Dean M. Roberts in Legal/Financial on November 7, 2017
This article appears in the November special issue of Habitat, "Governing Powers Through a Legal Lens."
When can a board gain access to shareholders’ apartments? Under the laws of New York State, the standard is a “reasonable” one. In essence, that means if a co-op gives 24 hours’ notice for an inspection or a week’s notice for repairs, the shareholder is obligated to provide access.

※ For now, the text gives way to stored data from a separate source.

lemma fps_nth_infprod_0:
  assumes "admissible_factors f"
  shows "fps_infprod f $ 0 = 1"
proof -
  have "fps_cutoff 1 (fps_infprod f) = fps_cutoff 1 1"
    using fps_cutoff_infprod[OF assms, of 0 0] by simp
  then have "fps_infprod f $ 0 = (1 :: 'a fps) $ 0"
    unfolding fps_cutoff_eq_fps_cutoff_iff by blast
  then show ?thesis
    by simp
qed

lemma fps_infprod_inverse:
  fixes f :: "nat \<Rightarrow> 'a::field fps"
  assumes "admissible_factors f"
  shows "inverse (fps_infprod f) = fps_infprod (\<lambda>i. inverse (f i))"
proof -
  have "\<And>i. f i $ 0 = 1"
    using assms unfolding admissible_factors_def
    by (metis fps_cutoff_eq_fps_cutoff_iff fps_one_nth zero_less_Suc)
  then have "fps_infprod (\<lambda>i. inverse (f i)) * fps_infprod f = fps_infprod (\<lambda>i. 1)"
    by (simp add: fps_infprod_mult admissible_factors_inverse assms inverse_mult_eq_1)
  also have "fps_infprod (\<lambda>i. 1) = (1 :: 'a fps)"
    by (rule fps_infprod_eqI) (auto simp: admissible_factors_def fps_cutoff_one)
  finally show ?thesis
    using fps_nth_infprod_0[OF assms] by (metis fps_inverse_unique mult.commute)
qed

lemma fps_nonneg_infprod: "(\<And>i. fps_nonneg (f i)) \<Longrightarrow> fps_nonneg (fps_infprod f)"
  using fps_nonneg_prod[of "{.._}" f] by (simp add: fps_nonneg_def fps_infprod_def)

lemma fps_infprod_Suc_shift:
  assumes "admissible_factors f"
  shows "fps_infprod f = f 0 * fps_infprod (\<lambda>i. f (Suc i))"
proof (rule fps_infprod_eqI[OF assms])
  fix n
  have "admissible_factors (\<lambda>i. f (Suc i))"
    by (rule admissible_factors_reindex[OF assms]) simp
  then have "fps_cutoff (Suc n) (f 0 * fps_infprod (\<lambda>i. f (Suc i))) =
      fps_cutoff (Suc n) (f 0 * (\<Prod>i<n. f (Suc i)))"
    by (intro fps_cutoff_mult_cong fps_cutoff_infprod) auto
  also have "f 0 * (\<Prod>i<n. f (Suc i)) = (\<Prod>i<Suc n. f i)"
    by (rule prod.lessThan_Suc_shift[symmetric])
  finally show "\<exists>N\<ge>n. fps_cutoff (Suc n) (f 0 * fps_infprod (\<lambda>i. f (Suc i))) =
      fps_cutoff (Suc n) (\<Prod>i<N. f i)"
    by (intro exI[of _ "Suc n"]) simp
qed

lemma prod_lessThan_mult_split:
  fixes M N :: nat
  assumes "M > 0"
  shows "(\<Prod>i<M * N. f i) = (\<Prod>r<M. \<Prod>k<N. f (M * k + r))"
proof -
  have "(\<Prod>r<M. \<Prod>k<N. f (M * k + r)) = (\<Prod>(r,k)\<in>{..<M} \<times> {..<N}. f (M * k + r))"
    by (rule prod.cartesian_product)
  also have "\<dots> = (\<Prod>i<M * N. f i)"
  proof (rule prod.reindex_bij_witness[where j = "\<lambda>(r,k). M * k + r" and i = "\<lambda>i. (i mod M, i div M)"])
    fix b assume "b \<in> {..<M} \<times> {..<N}"
    then obtain r k where b: "b = (r,k)" "r < M" "k < N" by auto
    then have "M * k + r < M * (k + 1)" by simp
    also have "\<dots> \<le> M * N" using b by (intro mult_le_mono2) simp
    finally show "(case b of (r, k) \<Rightarrow> M * k + r) \<in> {..<M * N}" using b by simp
  qed (use assms in \<open>auto simp: less_mult_imp_div_less mult.commute\<close>)
  finally show ?thesis by simp
qed

lemma fps_infprod_dissect:
  assumes "admissible_factors f" "M > 0"
  shows "fps_infprod f = (\<Prod>r<M. fps_infprod (\<lambda>k. f (M * k + r)))"
proof (rule fps_infprod_eqI[OF assms(1)])
  fix n
  have "admissible_factors (\<lambda>k. f (M * k + r))" for r
    by (rule admissible_factors_reindex[OF assms(1)]) (use assms(2) in \<open>simp add: trans_le_add1\<close>)
  then have "fps_cutoff (Suc n) (\<Prod>r<M. fps_infprod (\<lambda>k. f (M * k + r))) =
      fps_cutoff (Suc n) (\<Prod>r<M. \<Prod>k<Suc n. f (M * k + r))"
    by (intro fps_cutoff_prod_cong fps_cutoff_infprod) simp_all
  also have "(\<Prod>r<M. \<Prod>k<Suc n. f (M * k + r)) = (\<Prod>i<M * Suc n. f i)"
    by (rule prod_lessThan_mult_split[OF assms(2), symmetric])
  finally have "fps_cutoff (Suc n) (\<Prod>r<M. fps_infprod (\<lambda>k. f (M * k + r))) =
      fps_cutoff (Suc n) (\<Prod>i<M * Suc n. f i)" .
  moreover have "n \<le> M * Suc n"
    using assms(2) by (cases M) simp_all
  ultimately show "\<exists>N\<ge>n. fps_cutoff (Suc n) (\<Prod>r<M. fps_infprod (\<lambda>k. f (M * k + r))) =
      fps_cutoff (Suc n) (\<Prod>i<N. f i)"
    by (intro exI[of _ "M * Suc n"] conjI)
qed

section \<open>\<open>q\<close>-Pochhammer symbols\<close>

lemma qpoch_eq_fps_infprod: "qpoch a m = fps_infprod (\<lambda>i. 1 - fps_X ^ (a + m * i))"
  by (simp add: qpoch_def fps_infprod_def)

lemma admissible_qpoch_factors:
  assumes "a \<ge> 1" "m \<ge> 1"
  shows "admissible_factors (\<lambda>i. 1 - fps_X ^ (a + m * i) :: 'a::comm_ring_1 fps)"
proof (rule admissible_factors_one_minus_X_power)
  fix i
  have "i \<le> m * i"
    using assms(2) by simp
  then show "i < a + m * i"
    using assms(1) by linarith
qed

lemma fps_nth_qpoch_0: "a \<ge> 1 \<Longrightarrow> m \<ge> 1 \<Longrightarrow> qpoch a m $ 0 = 1"
  unfolding qpoch_eq_fps_infprod by (intro fps_nth_infprod_0 admissible_qpoch_factors)

lemma qpoch_mult_inverse: "a \<ge> 1 \<Longrightarrow> m \<ge> 1 \<Longrightarrow> qpoch a m * inverse (qpoch a m) = 1"
  by (simp add: inverse_mult_eq_1' fps_nth_qpoch_0)

lemma qpoch_shift:
  assumes "a \<ge> 1" "m \<ge> 1"
  shows "qpoch a m = (1 - fps_X ^ a) * qpoch (a + m) m"
  unfolding qpoch_eq_fps_infprod
  by (subst fps_infprod_Suc_shift[OF admissible_qpoch_factors[OF assms]]) (simp add: algebra_simps)

lemma qpoch_dissect:
  assumes "a \<ge> 1" "m \<ge> 1" "M > 0"
  shows "qpoch a m = (\<Prod>r<M. qpoch (a + m * r) (M * m))"
  unfolding qpoch_eq_fps_infprod
  by (subst fps_infprod_dissect[OF admissible_qpoch_factors[OF assms(1,2)] assms(3)])
     (simp add: algebra_simps)

lemma qpoch_split_parity: "m \<ge> 1 \<Longrightarrow> qpoch m m = qpoch m (2 * m) * qpoch (2 * m) (2 * m)"
  using qpoch_dissect[of m m 2] by (simp add: numeral_2_eq_2)

lemma qpoch_one_one_dissect: "M > 0 \<Longrightarrow> qpoch 1 1 = (\<Prod>r<M. qpoch (Suc r) M)"
  using qpoch_dissect[of 1 1 M] by simp

lemma fps_inverse_one_minus_X_power:
  assumes "x \<ge> 1"
  shows "inverse (1 - fps_X ^ x :: 'a::field fps) = Abs_fps (\<lambda>n. if x dvd n then 1 else 0)"
proof (rule fps_inverse_unique, rule fps_ext)
  fix n
  let ?A = "Abs_fps (\<lambda>n. if x dvd n then 1 else 0) :: 'a fps"
  have "(1 - fps_X ^ x) * ?A = ?A - fps_X ^ x * ?A"
    by (simp add: algebra_simps)
  then have "((1 - fps_X ^ x) * ?A) $ n = ?A $ n - (if n < x then 0 else ?A $ (n - x))"
    by (simp add: fps_X_power_mult_nth)
  also have "\<dots> = 1 $ n"
  proof (cases "n < x")
    case True
    then have "x dvd n \<longleftrightarrow> n = 0"
      using assms by (auto dest: dvd_imp_le)
    then show ?thesis
      using True by auto
  next
    case False
    then have "x dvd n \<longleftrightarrow> x dvd (n - x)"
      using assms by (simp add: dvd_minus_self)
    then show ?thesis
      using False assms by auto
  qed
  finally show "((1 - fps_X ^ x) * ?A) $ n = 1 $ n" .
qed

lemma fps_nonneg_inverse_one_minus_X_power: "x \<ge> 1 \<Longrightarrow> fps_nonneg (inverse (1 - fps_X ^ x))"
  by (simp add: fps_inverse_one_minus_X_power fps_nonneg_def)

lemma fps_nonneg_inverse_qpoch:
  assumes "a \<ge> 1" "m \<ge> 1"
  shows "fps_nonneg (inverse (qpoch a m))"
  unfolding qpoch_eq_fps_infprod fps_infprod_inverse[OF admissible_qpoch_factors[OF assms]]
  by (rule fps_nonneg_infprod) (use assms in \<open>auto intro: fps_nonneg_inverse_one_minus_X_power\<close>)

lemma fps_nonneg_one_minus_X_power_quotient:
  assumes "x \<ge> 1" "y \<ge> 1"
  shows "fps_nonneg ((1 - fps_X ^ (x + y)) * inverse (1 - fps_X ^ x) * inverse (1 - fps_X ^ y))"
proof -
  let ?u = "1 - fps_X ^ x :: real fps" and ?v = "1 - fps_X ^ y :: real fps"
  have unit: "?u * inverse ?u = 1" "?v * inverse ?v = 1"
    using assms by (simp_all add: inverse_mult_eq_1')
  have "1 - fps_X ^ (x + y) = ?u + fps_X ^ x * ?v"
    by (simp add: algebra_simps power_add)
  then have "(1 - fps_X ^ (x + y)) * inverse ?u * inverse ?v =
      inverse ?v * (?u * inverse ?u) + fps_X ^ x * inverse ?u * (?v * inverse ?v)"
    by (simp add: algebra_simps)
  also have "\<dots> = inverse ?v + fps_X ^ x * inverse ?u"
    by (simp add: unit)
  finally show ?thesis
    using assms
    by (auto intro!: fps_nonneg_add fps_nonneg_mult fps_nonneg_power fps_nonneg_inverse_one_minus_X_power)
qed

This standard is supported by case law. While access is normally not a problem, you often find that it becomes an issue when coupled with other conditions, such as hoarding, a leak, or an illegal sublet. But it is a problem around which both boards and management need to be very careful. Under the law and the terms of most proprietary leases, a co-op has an absolute right to enter apartments. However, just like a pedestrian with the right of way, this is a right you should exercise with some caution. I advise clients that forced entry into an apartment should be a last resort. The co-op board should make every effort to provide 24 hours’ notice for an inspection or a week’s notice for repairs whenever possible.

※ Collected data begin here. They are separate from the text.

(* For any finite simple graph $G$, $|\operatorname{nucleus}(G)| + |\operatorname{diadem}(G)| \le 2\alpha(G)$.
   Context: For $X\subseteq V(G)$, $N(X)$ is the set of vertices adjacent to some vertex of $X$, and $d(X)=|X|-|N(X)|$. A set is independent if no two of its vertices are adjacent. An independent set $S$ is critical if $d(S)=\max\{d(X):X\subseteq V(G)\}$; the empty set may be critical. A maximum critical independent set is a critical independent set of maximum cardinality. $\operatorname{nucleus}(G)$ and $\operatorname{diadem}(G)$ are, respectively, the intersection and the union of all maximum critical independent sets of $G$. $\alpha(G)$ is the independence number. *)

theory Defs
  imports Main
begin

definition simple_graph :: "'a set \<Rightarrow> ('a \<Rightarrow> 'a \<Rightarrow> bool) \<Rightarrow> bool" where
  "simple_graph V E \<longleftrightarrow> finite V \<and> (\<forall>u v. E u v \<longrightarrow> u \<in> V \<and> v \<in> V)
     \<and> (\<forall>u v. E u v \<longrightarrow> E v u) \<and> (\<forall>v. \<not> E v v)"

definition nbhd :: "'a set \<Rightarrow> ('a \<Rightarrow> 'a \<Rightarrow> bool) \<Rightarrow> 'a set \<Rightarrow> 'a set" where
  "nbhd V E X = {v \<in> V. \<exists>x \<in> X. E x v}"

definition dif :: "'a set \<Rightarrow> ('a \<Rightarrow> 'a \<Rightarrow> bool) \<Rightarrow> 'a set \<Rightarrow> int" where
  "dif V E X = int (card X) - int (card (nbhd V E X))"

definition indep :: "'a set \<Rightarrow> ('a \<Rightarrow> 'a \<Rightarrow> bool) \<Rightarrow> 'a set \<Rightarrow> bool" where
  "indep V E S \<longleftrightarrow> S \<subseteq> V \<and> (\<forall>x \<in> S. \<forall>y \<in> S. \<not> E x y)"

definition critical_difference :: "'a set \<Rightarrow> ('a \<Rightarrow> 'a \<Rightarrow> bool) \<Rightarrow> int" where
  "critical_difference V E = Max (dif V E ` Pow V)"

definition critical_indep :: "'a set \<Rightarrow> ('a \<Rightarrow> 'a \<Rightarrow> bool) \<Rightarrow> 'a set \<Rightarrow> bool" where
  "critical_indep V E S \<longleftrightarrow> indep V E S \<and> dif V E S = critical_difference V E"

definition max_critical_indep :: "'a set \<Rightarrow> ('a \<Rightarrow> 'a \<Rightarrow> bool) \<Rightarrow> 'a set \<Rightarrow> bool" where
  "max_critical_indep V E S \<longleftrightarrow> critical_indep V E S \<and>
     (\<forall>T. critical_indep V E T \<longrightarrow> card T \<le> card S)"

definition nucleus :: "'a set \<Rightarrow> ('a \<Rightarrow> 'a \<Rightarrow> bool) \<Rightarrow> 'a set" where
  "nucleus V E = \<Inter> {S. max_critical_indep V E S}"

definition diadem :: "'a set \<Rightarrow> ('a \<Rightarrow> 'a \<Rightarrow> bool) \<Rightarrow> 'a set" where
  "diadem V E = \<Union> {S. max_critical_indep V E S}"

definition indep_number :: "'a set \<Rightarrow> ('a \<Rightarrow> 'a \<Rightarrow> bool) \<Rightarrow> nat" where
  "indep_number V E = Max (card ` {S. indep V E S})"

end

theory Submission
  imports Defs
begin

text \<open>Let \<open>S\<close> be a maximum critical independent set and \<open>K\<close> the nucleus. Since \<open>d\<close> is
  supermodular, the sets attaining the critical difference are closed under union and
  intersection; hence \<open>K\<close> is critical and \<open>d(K) = d(S)\<close> gives \<open>|N(S)| - |N(K)| = |S| - |K|\<close>.
  Every critical independent set \<open>T\<close> lies in \<open>S \<union> N(S)\<close>: removing \<open>N(S \<union> T)\<close> from the
  critical set \<open>S \<union> T\<close> leaves a critical independent set that may be added to \<open>S\<close>, so by
  maximality it lies inside \<open>S\<close>. A maximum critical independent set also contains \<open>K\<close> and
  so avoids \<open>N(K)\<close>. Thus the diadem lies in \<open>S \<union> (N(S) - N(K))\<close>, whence
  \<open>|diadem| \<le> |S| + |N(S)| - |N(K)| = 2|S| - |K|\<close> and \<open>|S| \<le> \<alpha>\<close>.\<close>

lemma nbhd_subset: "nbhd V E X \<subseteq> V"
  by (auto simp: nbhd_def)

lemma nbhd_Un: "nbhd V E (A \<union> B) = nbhd V E A \<union> nbhd V E B"
  by (auto simp: nbhd_def)

lemma nbhd_mono: "A \<subseteq> B \<Longrightarrow> nbhd V E A \<subseteq> nbhd V E B"
  by (auto simp: nbhd_def)

lemma finite_nbhd: "finite V \<Longrightarrow> finite (nbhd V E X)"
  using finite_subset[OF nbhd_subset] .

lemma indep_disjoint_nbhd: "indep V E T \<Longrightarrow> K \<subseteq> T \<Longrightarrow> T \<inter> nbhd V E K = {}"
  by (auto simp: indep_def nbhd_def)

lemma dif_le_critical_difference:
  "finite V \<Longrightarrow> X \<subseteq> V \<Longrightarrow> dif V E X \<le> critical_difference V E"
  unfolding critical_difference_def by (intro Max_ge) auto

lemma critical_difference_attained:
  assumes "finite V"
  obtains X where "X \<subseteq> V" "dif V E X = critical_difference V E"
proof -
  have "critical_difference V E \<in> dif V E ` Pow V"
    unfolding critical_difference_def using assms by (intro Max_in) auto
  with that show ?thesis by auto
qed

lemma dif_supermodular:
  assumes "finite V" "A \<subseteq> V" "B \<subseteq> V"
  shows "dif V E A + dif V E B \<le> dif V E (A \<union> B) + dif V E (A \<inter> B)"
proof -
  have "finite A" "finite B"
    using assms finite_subset by auto
  then have cards: "card A + card B = card (A \<union> B) + card (A \<inter> B)"
    by (rule card_Un_Int)
  have nbhds: "card (nbhd V E A) + card (nbhd V E B)
      = card (nbhd V E (A \<union> B)) + card (nbhd V E A \<inter> nbhd V E B)"
    unfolding nbhd_Un using assms(1) by (intro card_Un_Int finite_nbhd)
  have "nbhd V E (A \<inter> B) \<subseteq> nbhd V E A \<inter> nbhd V E B"
    by (auto simp: nbhd_def)
  then have "card (nbhd V E (A \<inter> B)) \<le> card (nbhd V E A \<inter> nbhd V E B)"
    using assms(1) by (intro card_mono) (auto intro: finite_nbhd)
  with cards nbhds show ?thesis
    unfolding dif_def by linarith
qed

lemma critical_Un_Int:
  assumes "finite V" "A \<subseteq> V" "B \<subseteq> V"
    and "dif V E A = critical_difference V E" "dif V E B = critical_difference V E"
  shows "dif V E (A \<union> B) = critical_difference V E"
    and "dif V E (A \<inter> B) = critical_difference V E"
proof -
  have "dif V E (A \<union> B) \<le> critical_difference V E" "dif V E (A \<inter> B) \<le> critical_difference V E"
    using assms(1-3) by (auto intro: dif_le_critical_difference)
  with dif_supermodular[OF assms(1-3), of E] assms(4,5)
  show "dif V E (A \<union> B) = critical_difference V E" "dif V E (A \<inter> B) = critical_difference V E"
    by linarith+
qed

lemma critical_Inter:
  assumes "finite V" "finite F" "F \<noteq> {}"
    and "\<And>X. X \<in> F \<Longrightarrow> X \<subseteq> V \<and> dif V E X = critical_difference V E"
  shows "dif V E (\<Inter>F) = critical_difference V E"
proof -
  have "\<Inter>F \<subseteq> V \<and> dif V E (\<Inter>F) = critical_difference V E"
    using assms(2-4)
  proof (induction F rule: finite_ne_induct)
    case (singleton X)
    then show ?case by simp
  next
    case (insert X F)
    then show ?case
      using critical_Un_Int(2)[OF assms(1), of X "\<Inter>F" E] by auto
  qed
  then show ?thesis ..
qed

text \<open>Vertices of \<open>X \<inter> N(X)\<close> have no neighbour in \<open>X - N(X)\<close>, so removing them loses at
  least as many neighbours as elements.\<close>

lemma strip_nbhd:
  assumes "finite V" "X \<subseteq> V" and "symp E"
  shows "indep V E (X - nbhd V E X)"
    and "dif V E X \<le> dif V E (X - nbhd V E X)"
proof -
  let ?I = "X - nbhd V E X" and ?R = "X \<inter> nbhd V E X"
  show "indep V E ?I"
    using assms(2) by (auto simp: indep_def nbhd_def)
  have "nbhd V E ?I \<inter> ?R = {}"
    using assms(2,3) by (auto simp: nbhd_def dest: sympD)
  moreover have "nbhd V E ?I \<union> ?R \<subseteq> nbhd V E X"
    using nbhd_mono[of ?I X V E] by auto
  moreover have "finite (nbhd V E ?I)" "finite ?R"
    using assms(1) finite_nbhd by auto
  ultimately have "card (nbhd V E ?I) + card ?R \<le> card (nbhd V E X)"
    using assms(1) by (simp add: card_Un_disjoint[symmetric] card_mono finite_nbhd)
  moreover have "card X = card ?I + card ?R"
    using card_Int_Diff[OF finite_subset[OF assms(2,1)], of "nbhd V E X"] by linarith
  ultimately show "dif V E X \<le> dif V E ?I"
    unfolding dif_def by linarith
qed

lemma indep_Un_strip_nbhd:
  assumes "symp E" and "S \<subseteq> X" "X \<subseteq> V" "indep V E S"
  shows "indep V E ((X - nbhd V E X) \<union> S)"
  using assms unfolding indep_def nbhd_def by (blast dest: sympD)

lemma finite_critical_indep: "finite V \<Longrightarrow> finite {T. critical_indep V E T}"
  by (rule finite_subset[of _ "Pow V"]) (auto simp: critical_indep_def indep_def)

lemma max_critical_indep_exists:
  assumes "finite V" and "symp E"
  obtains S where "max_critical_indep V E S"
proof -
  obtain X where X: "X \<subseteq> V" "dif V E X = critical_difference V E"
    using critical_difference_attained[OF assms(1)] .
  have "X - nbhd V E X \<subseteq> V"
    using X(1) by blast
  then have "critical_indep V E (X - nbhd V E X)"
    using strip_nbhd[OF assms(1) X(1) assms(2)] X dif_le_critical_difference[OF assms(1)]
    unfolding critical_indep_def by (metis order.antisym)
  then have "card ` {T. critical_indep V E T} \<noteq> {}"
    by blast
  then have "Max (card ` {T. critical_indep V E T}) \<in> card ` {T. critical_indep V E T}"
    using finite_critical_indep[OF assms(1)] by (intro Max_in) auto
  then obtain S where S: "critical_indep V E S" "card S = Max (card ` {T. critical_indep V E T})"
    by auto
  have "max_critical_indep V E S"
    unfolding max_critical_indep_def
    using S finite_critical_indep[OF assms(1)] by auto
  then show ?thesis ..
qed

lemma critical_indep_subset_Un_nbhd:
  assumes "finite V" and "symp E"
    and S: "max_critical_indep V E S" and T: "critical_indep V E T"
  shows "T \<subseteq> S \<union> nbhd V E S"
proof -
  have Sc: "S \<subseteq> V" "dif V E S = critical_difference V E" "indep V E S"
    and Tc: "T \<subseteq> V" "dif V E T = critical_difference V E" "indep V E T"
    using S T by (auto simp: max_critical_indep_def critical_indep_def indep_def)
  let ?X = "S \<union> T"
  let ?I = "?X - nbhd V E ?X"
  have X: "?X \<subseteq> V" "dif V E ?X = critical_difference V E"
    using Sc Tc critical_Un_Int(1)[OF assms(1) Sc(1) Tc(1)] by auto
  have I: "?I \<subseteq> V" "indep V E ?I" "dif V E ?I = critical_difference V E"
    using X strip_nbhd[OF assms(1) X(1) assms(2)] dif_le_critical_difference[OF assms(1), of ?I E]
    by auto
  have "indep V E (?I \<union> S)"
    using indep_Un_strip_nbhd[OF assms(2) _ X(1) Sc(3)] by blast
  then have "critical_indep V E (?I \<union> S)"
    using critical_Un_Int(1)[OF assms(1) I(1) Sc(1) I(3) Sc(2)] by (simp add: critical_indep_def)
  then have "card (?I \<union> S) \<le> card S"
    using S by (auto simp: max_critical_indep_def)
  then have "S = ?I \<union> S"
    using I(1) Sc(1) finite_subset[OF _ assms(1)] by (intro card_seteq) auto
  then have I_sub: "?I \<subseteq> S"
    by blast
  show ?thesis
  proof
    fix v assume "v \<in> T"
    show "v \<in> S \<union> nbhd V E S"
    proof (cases "v \<in> S")
      case False
      with I_sub \<open>v \<in> T\<close> obtain x where "x \<in> ?X" "E x v"
        by (auto simp: nbhd_def)
      moreover have "x \<notin> T"
        using \<open>E x v\<close> \<open>v \<in> T\<close> Tc(3) by (auto simp: indep_def)
      ultimately show ?thesis
        using \<open>v \<in> T\<close> Tc(1) by (auto simp: nbhd_def)
    qed simp
  qed
qed

lemma diadem_subset:
  assumes "finite V" and "symp E"
    and S: "max_critical_indep V E S"
  shows "diadem V E \<subseteq> S \<union> (nbhd V E S - nbhd V E (nucleus V E))"
proof
  fix v assume "v \<in> diadem V E"
  then obtain T where T: "max_critical_indep V E T" "v \<in> T"
    by (auto simp: diadem_def)
  then have T_crit: "critical_indep V E T" and T_indep: "indep V E T"
    by (simp_all add: max_critical_indep_def critical_indep_def)
  have "nucleus V E \<subseteq> T"
    unfolding nucleus_def using T(1) by (rule Inter_lower[OF CollectI])
  then have "v \<notin> nbhd V E (nucleus V E)"
    using indep_disjoint_nbhd[OF T_indep] T(2) by blast
  moreover have "v \<in> S \<union> nbhd V E S"
    using critical_indep_subset_Un_nbhd[OF assms T_crit] T(2) by blast
  ultimately show "v \<in> S \<union> (nbhd V E S - nbhd V E (nucleus V E))"
    by blast
qed

lemma dif_nucleus:
  assumes "finite V" and S: "max_critical_indep V E S"
  shows "dif V E (nucleus V E) = critical_difference V E"
  unfolding nucleus_def
proof (rule critical_Inter[OF assms(1)])
  show "finite {S. max_critical_indep V E S}"
    using finite_critical_indep[OF assms(1), of E]
    by (rule finite_subset[rotated]) (auto simp: max_critical_indep_def)
  show "{S. max_critical_indep V E S} \<noteq> {}"
    using S by blast
qed (auto simp: max_critical_indep_def critical_indep_def indep_def)

lemma card_le_indep_number:
  assumes "finite V" "indep V E S"
  shows "card S \<le> indep_number V E"
proof -
  have "{S. indep V E S} \<subseteq> Pow V"
    by (auto simp: indep_def)
  then have "finite {S. indep V E S}"
    using assms(1) by (simp add: finite_subset)
  then show ?thesis
    unfolding indep_number_def using assms(2) by (intro Max_ge) auto
qed

lemma card_nucleus_diadem_le:
  assumes "finite V" "symp E" and S: "max_critical_indep V E S"
  shows "card (nucleus V E) + card (diadem V E) \<le> 2 * card S"
proof -
  let ?K = "nucleus V E"
  have "S \<subseteq> V"
    using S by (simp add: max_critical_indep_def critical_indep_def indep_def)
  then have fin_S: "finite S"
    using assms(1) by (rule finite_subset)
  have "?K \<subseteq> S"
    using S by (auto simp: nucleus_def)
  then have NK: "nbhd V E ?K \<subseteq> nbhd V E S"
    by (rule nbhd_mono)
  have "card (diadem V E) \<le> card (S \<union> (nbhd V E S - nbhd V E ?K))"
    using diadem_subset[OF assms] fin_S finite_nbhd[OF assms(1)] by (intro card_mono) auto
  also have "\<dots> \<le> card S + (card (nbhd V E S) - card (nbhd V E ?K))"
    using card_Un_le[of S "nbhd V E S - nbhd V E ?K"]
      card_Diff_subset[OF finite_subset[OF NK finite_nbhd[OF assms(1)]] NK] by simp
  finally have "card (diadem V E) \<le> card S + (card (nbhd V E S) - card (nbhd V E ?K))" .
  moreover have "dif V E ?K = dif V E S"
    using dif_nucleus[OF assms(1) S] S by (simp add: max_critical_indep_def critical_indep_def)
  moreover have "card (nbhd V E ?K) \<le> card (nbhd V E S)"
    using NK by (intro card_mono finite_nbhd assms(1))
  ultimately show ?thesis
    unfolding dif_def by linarith
qed

theorem theorem1p7:
  fixes V :: "'a set" and E :: "'a \<Rightarrow> 'a \<Rightarrow> bool"
  assumes "simple_graph V E"
  shows "card (nucleus V E) + card (diadem V E) \<le> 2 * indep_number V E"
proof -
  have fin: "finite V" and sym: "symp E"
    using assms unfolding simple_graph_def by (auto intro: sympI)
  obtain S where S: "max_critical_indep V E S"
    using max_critical_indep_exists[OF fin sym] .
  then have "indep V E S"
    by (simp add: max_critical_indep_def critical_indep_def)
  then have "card S \<le> indep_number V E"
    using fin by (intro card_le_indep_number)
  with card_nucleus_diadem_le[OF fin sym S] show ?thesis
    by linarith
qed

end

If there is an emergency, you should attempt to get some type of governmental intervention (the police or fire department). That shows you were acting responsibly, and it will protect the managing agent, the co-op, and the building employees from any legal liability that may arise.
One issue to remember when a co-op board or its representatives gain access to an apartment is a possible claim that property was stolen. It is not unheard of for people to claim a Rembrandt or a gold coin collection is suddenly missing. So I advise all my co-op clients to have a basic protocol about access that includes having at least two co-op representatives in the apartment at all times. Exercise a high level of caution when entering shareholders’ apartments.
Dean M. Roberts is a partner in the law firm of Norris McLaughlin & Marcus.